Problem to work on —
From the entries below, work out the number of lines that hold the word "finally", and give that number alone.

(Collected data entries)
=== Section Start ===
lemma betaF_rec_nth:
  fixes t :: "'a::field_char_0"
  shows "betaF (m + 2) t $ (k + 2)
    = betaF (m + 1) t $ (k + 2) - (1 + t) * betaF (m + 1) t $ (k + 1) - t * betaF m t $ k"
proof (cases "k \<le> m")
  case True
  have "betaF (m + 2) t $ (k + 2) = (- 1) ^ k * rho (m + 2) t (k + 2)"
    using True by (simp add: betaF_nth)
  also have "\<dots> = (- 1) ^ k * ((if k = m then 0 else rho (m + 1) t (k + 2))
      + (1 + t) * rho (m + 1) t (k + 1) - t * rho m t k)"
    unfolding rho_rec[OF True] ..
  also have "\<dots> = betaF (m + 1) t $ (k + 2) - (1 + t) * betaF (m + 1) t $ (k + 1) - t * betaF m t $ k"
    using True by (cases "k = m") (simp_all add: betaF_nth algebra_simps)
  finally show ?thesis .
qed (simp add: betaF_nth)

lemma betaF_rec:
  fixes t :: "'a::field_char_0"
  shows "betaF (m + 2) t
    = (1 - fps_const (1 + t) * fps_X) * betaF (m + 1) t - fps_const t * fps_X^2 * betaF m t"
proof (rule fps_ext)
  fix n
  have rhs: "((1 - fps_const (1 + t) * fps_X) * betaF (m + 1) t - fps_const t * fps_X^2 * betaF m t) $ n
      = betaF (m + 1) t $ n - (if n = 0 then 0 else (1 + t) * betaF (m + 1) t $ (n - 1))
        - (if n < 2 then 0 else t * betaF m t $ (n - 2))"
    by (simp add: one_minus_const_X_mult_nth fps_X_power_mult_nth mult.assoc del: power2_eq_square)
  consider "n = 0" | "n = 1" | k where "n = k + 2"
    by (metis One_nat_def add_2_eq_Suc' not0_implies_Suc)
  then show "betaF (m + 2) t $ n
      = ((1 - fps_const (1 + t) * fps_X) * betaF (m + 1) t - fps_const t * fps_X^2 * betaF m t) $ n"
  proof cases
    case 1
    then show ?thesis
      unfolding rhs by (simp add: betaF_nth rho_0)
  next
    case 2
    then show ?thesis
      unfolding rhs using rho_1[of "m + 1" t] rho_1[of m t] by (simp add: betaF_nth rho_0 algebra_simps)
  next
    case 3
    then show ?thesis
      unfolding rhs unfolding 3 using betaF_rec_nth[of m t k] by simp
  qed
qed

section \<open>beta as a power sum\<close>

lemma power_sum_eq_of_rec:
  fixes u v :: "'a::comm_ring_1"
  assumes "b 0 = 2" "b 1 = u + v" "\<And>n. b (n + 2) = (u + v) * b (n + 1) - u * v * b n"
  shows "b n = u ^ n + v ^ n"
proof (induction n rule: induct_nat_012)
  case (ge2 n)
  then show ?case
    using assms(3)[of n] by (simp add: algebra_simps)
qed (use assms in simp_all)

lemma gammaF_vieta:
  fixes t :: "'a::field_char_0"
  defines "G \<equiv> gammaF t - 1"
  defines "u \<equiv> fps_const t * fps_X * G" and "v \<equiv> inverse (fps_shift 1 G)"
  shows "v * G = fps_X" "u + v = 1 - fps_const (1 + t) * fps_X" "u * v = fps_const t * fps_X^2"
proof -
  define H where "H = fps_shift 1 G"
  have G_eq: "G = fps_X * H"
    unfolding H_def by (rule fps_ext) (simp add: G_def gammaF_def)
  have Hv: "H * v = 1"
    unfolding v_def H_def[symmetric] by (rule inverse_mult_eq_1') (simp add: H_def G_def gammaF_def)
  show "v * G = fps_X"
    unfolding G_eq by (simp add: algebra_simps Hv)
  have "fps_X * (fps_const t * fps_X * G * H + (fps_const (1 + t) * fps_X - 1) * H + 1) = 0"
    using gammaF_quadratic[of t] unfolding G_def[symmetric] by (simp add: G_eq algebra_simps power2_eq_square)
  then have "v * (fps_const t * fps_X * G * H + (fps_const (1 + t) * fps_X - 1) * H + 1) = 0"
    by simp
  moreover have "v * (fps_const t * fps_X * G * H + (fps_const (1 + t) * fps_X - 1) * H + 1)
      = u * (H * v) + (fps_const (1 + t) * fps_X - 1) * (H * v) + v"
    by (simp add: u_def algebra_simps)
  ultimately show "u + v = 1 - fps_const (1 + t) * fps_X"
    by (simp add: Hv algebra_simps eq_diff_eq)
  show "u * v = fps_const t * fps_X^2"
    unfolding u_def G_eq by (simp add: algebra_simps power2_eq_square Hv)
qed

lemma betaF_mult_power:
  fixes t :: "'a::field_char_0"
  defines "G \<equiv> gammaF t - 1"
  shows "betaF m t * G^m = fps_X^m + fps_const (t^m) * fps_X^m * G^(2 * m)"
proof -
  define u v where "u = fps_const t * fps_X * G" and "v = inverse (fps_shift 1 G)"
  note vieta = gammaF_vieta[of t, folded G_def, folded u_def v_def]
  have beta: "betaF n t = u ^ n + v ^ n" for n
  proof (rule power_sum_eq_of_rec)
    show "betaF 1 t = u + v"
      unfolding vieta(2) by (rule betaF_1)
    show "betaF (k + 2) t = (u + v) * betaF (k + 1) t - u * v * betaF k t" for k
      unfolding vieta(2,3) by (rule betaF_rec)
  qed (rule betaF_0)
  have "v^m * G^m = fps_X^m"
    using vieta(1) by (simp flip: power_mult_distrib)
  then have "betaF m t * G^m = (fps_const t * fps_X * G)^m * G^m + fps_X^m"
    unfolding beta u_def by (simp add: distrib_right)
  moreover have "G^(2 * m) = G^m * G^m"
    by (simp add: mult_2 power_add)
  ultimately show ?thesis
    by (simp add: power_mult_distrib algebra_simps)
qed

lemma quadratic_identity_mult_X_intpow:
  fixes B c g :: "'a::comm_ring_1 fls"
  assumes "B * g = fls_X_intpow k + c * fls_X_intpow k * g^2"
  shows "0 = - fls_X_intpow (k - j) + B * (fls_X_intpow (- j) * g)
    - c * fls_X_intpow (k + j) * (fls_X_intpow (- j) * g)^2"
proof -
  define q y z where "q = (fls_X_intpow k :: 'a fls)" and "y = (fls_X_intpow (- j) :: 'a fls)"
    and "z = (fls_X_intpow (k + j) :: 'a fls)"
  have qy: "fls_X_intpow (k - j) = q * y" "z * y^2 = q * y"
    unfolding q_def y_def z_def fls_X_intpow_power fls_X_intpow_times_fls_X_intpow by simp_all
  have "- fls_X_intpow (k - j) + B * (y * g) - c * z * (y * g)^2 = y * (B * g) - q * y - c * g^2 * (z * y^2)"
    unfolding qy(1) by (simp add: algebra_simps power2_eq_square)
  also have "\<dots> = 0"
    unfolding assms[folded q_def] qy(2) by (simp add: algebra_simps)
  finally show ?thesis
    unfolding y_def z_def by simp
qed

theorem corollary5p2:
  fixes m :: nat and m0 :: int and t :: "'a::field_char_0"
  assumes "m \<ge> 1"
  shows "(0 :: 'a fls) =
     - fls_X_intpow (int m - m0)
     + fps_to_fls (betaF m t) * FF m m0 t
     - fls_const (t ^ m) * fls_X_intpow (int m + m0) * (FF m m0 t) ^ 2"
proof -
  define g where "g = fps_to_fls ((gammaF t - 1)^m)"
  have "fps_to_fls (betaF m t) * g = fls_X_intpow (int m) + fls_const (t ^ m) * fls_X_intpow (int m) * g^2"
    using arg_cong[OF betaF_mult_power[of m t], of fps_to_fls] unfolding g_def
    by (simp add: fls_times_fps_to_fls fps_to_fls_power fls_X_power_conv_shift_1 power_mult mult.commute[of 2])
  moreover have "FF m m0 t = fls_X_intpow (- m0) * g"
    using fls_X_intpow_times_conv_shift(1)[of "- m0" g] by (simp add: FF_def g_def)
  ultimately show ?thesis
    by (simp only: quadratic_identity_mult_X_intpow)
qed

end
=== Section End ===
=== Section Start ===
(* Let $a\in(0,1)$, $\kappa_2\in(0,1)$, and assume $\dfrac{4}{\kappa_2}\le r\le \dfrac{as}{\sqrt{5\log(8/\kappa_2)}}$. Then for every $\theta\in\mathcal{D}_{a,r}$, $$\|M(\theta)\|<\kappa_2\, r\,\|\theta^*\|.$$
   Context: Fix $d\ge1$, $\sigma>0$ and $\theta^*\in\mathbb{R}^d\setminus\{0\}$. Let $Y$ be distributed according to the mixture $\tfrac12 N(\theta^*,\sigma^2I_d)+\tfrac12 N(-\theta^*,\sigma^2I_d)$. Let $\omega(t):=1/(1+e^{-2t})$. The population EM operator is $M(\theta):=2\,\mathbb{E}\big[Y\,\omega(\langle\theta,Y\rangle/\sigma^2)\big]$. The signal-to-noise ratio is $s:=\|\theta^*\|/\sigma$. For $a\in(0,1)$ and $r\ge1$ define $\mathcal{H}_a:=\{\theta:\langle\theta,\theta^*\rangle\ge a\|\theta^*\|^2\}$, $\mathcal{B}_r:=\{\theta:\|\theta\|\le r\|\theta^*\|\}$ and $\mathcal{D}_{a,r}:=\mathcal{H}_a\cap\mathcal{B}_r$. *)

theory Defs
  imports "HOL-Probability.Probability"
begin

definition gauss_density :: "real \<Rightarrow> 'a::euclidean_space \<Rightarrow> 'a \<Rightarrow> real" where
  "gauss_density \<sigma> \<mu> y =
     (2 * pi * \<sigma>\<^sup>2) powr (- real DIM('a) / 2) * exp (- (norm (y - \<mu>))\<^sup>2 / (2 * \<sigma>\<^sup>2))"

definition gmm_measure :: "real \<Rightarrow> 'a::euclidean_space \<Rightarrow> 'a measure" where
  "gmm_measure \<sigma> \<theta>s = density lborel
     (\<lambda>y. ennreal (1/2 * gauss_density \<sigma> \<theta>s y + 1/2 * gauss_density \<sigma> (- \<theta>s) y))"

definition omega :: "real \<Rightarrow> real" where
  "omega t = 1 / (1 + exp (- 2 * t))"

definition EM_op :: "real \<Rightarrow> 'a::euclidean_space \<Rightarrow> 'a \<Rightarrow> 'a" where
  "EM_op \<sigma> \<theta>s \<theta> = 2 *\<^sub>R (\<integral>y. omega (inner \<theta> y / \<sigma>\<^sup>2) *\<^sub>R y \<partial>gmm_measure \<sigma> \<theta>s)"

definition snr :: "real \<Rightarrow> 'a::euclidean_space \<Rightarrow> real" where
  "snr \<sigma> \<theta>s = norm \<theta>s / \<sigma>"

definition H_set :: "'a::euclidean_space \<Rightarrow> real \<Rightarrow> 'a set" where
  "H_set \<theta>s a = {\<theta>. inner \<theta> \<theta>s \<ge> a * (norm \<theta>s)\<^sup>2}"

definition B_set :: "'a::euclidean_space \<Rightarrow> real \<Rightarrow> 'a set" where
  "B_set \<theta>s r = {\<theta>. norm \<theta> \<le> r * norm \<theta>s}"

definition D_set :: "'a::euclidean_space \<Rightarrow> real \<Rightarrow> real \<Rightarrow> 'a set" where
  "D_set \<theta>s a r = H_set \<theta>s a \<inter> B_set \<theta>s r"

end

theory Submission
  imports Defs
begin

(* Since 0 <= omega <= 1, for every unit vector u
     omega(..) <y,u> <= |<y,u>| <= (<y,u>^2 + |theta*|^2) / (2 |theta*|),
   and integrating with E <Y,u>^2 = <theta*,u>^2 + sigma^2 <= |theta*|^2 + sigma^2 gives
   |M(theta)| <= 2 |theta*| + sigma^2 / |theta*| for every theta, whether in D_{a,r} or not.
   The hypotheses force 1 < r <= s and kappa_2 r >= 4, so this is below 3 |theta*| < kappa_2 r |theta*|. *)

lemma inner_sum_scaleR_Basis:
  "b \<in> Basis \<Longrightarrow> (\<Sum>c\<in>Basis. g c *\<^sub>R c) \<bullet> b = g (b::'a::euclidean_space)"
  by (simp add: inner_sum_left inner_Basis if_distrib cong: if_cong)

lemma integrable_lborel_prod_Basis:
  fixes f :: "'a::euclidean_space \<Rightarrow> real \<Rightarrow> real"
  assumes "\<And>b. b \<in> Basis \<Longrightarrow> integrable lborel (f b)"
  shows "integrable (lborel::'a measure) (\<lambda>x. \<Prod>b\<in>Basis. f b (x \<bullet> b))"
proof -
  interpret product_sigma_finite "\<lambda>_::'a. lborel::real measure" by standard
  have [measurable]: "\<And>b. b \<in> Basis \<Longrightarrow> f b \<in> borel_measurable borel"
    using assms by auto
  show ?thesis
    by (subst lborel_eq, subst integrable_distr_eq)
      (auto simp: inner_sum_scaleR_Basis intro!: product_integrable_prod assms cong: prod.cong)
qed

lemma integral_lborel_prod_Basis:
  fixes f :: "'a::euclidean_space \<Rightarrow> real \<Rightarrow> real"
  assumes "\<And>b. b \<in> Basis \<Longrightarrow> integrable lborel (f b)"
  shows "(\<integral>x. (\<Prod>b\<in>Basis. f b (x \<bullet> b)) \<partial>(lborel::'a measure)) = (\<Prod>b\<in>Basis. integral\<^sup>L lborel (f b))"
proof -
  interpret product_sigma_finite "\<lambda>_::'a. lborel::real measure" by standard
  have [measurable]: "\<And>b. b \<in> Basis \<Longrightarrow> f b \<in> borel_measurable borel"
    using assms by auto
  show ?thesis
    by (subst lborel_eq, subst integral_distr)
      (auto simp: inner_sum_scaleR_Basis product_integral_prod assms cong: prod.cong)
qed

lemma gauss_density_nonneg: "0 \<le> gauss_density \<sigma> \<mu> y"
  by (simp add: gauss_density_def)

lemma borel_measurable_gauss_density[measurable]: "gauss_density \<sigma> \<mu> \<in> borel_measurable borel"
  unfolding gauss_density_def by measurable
=== Section End ===
Answer section —
2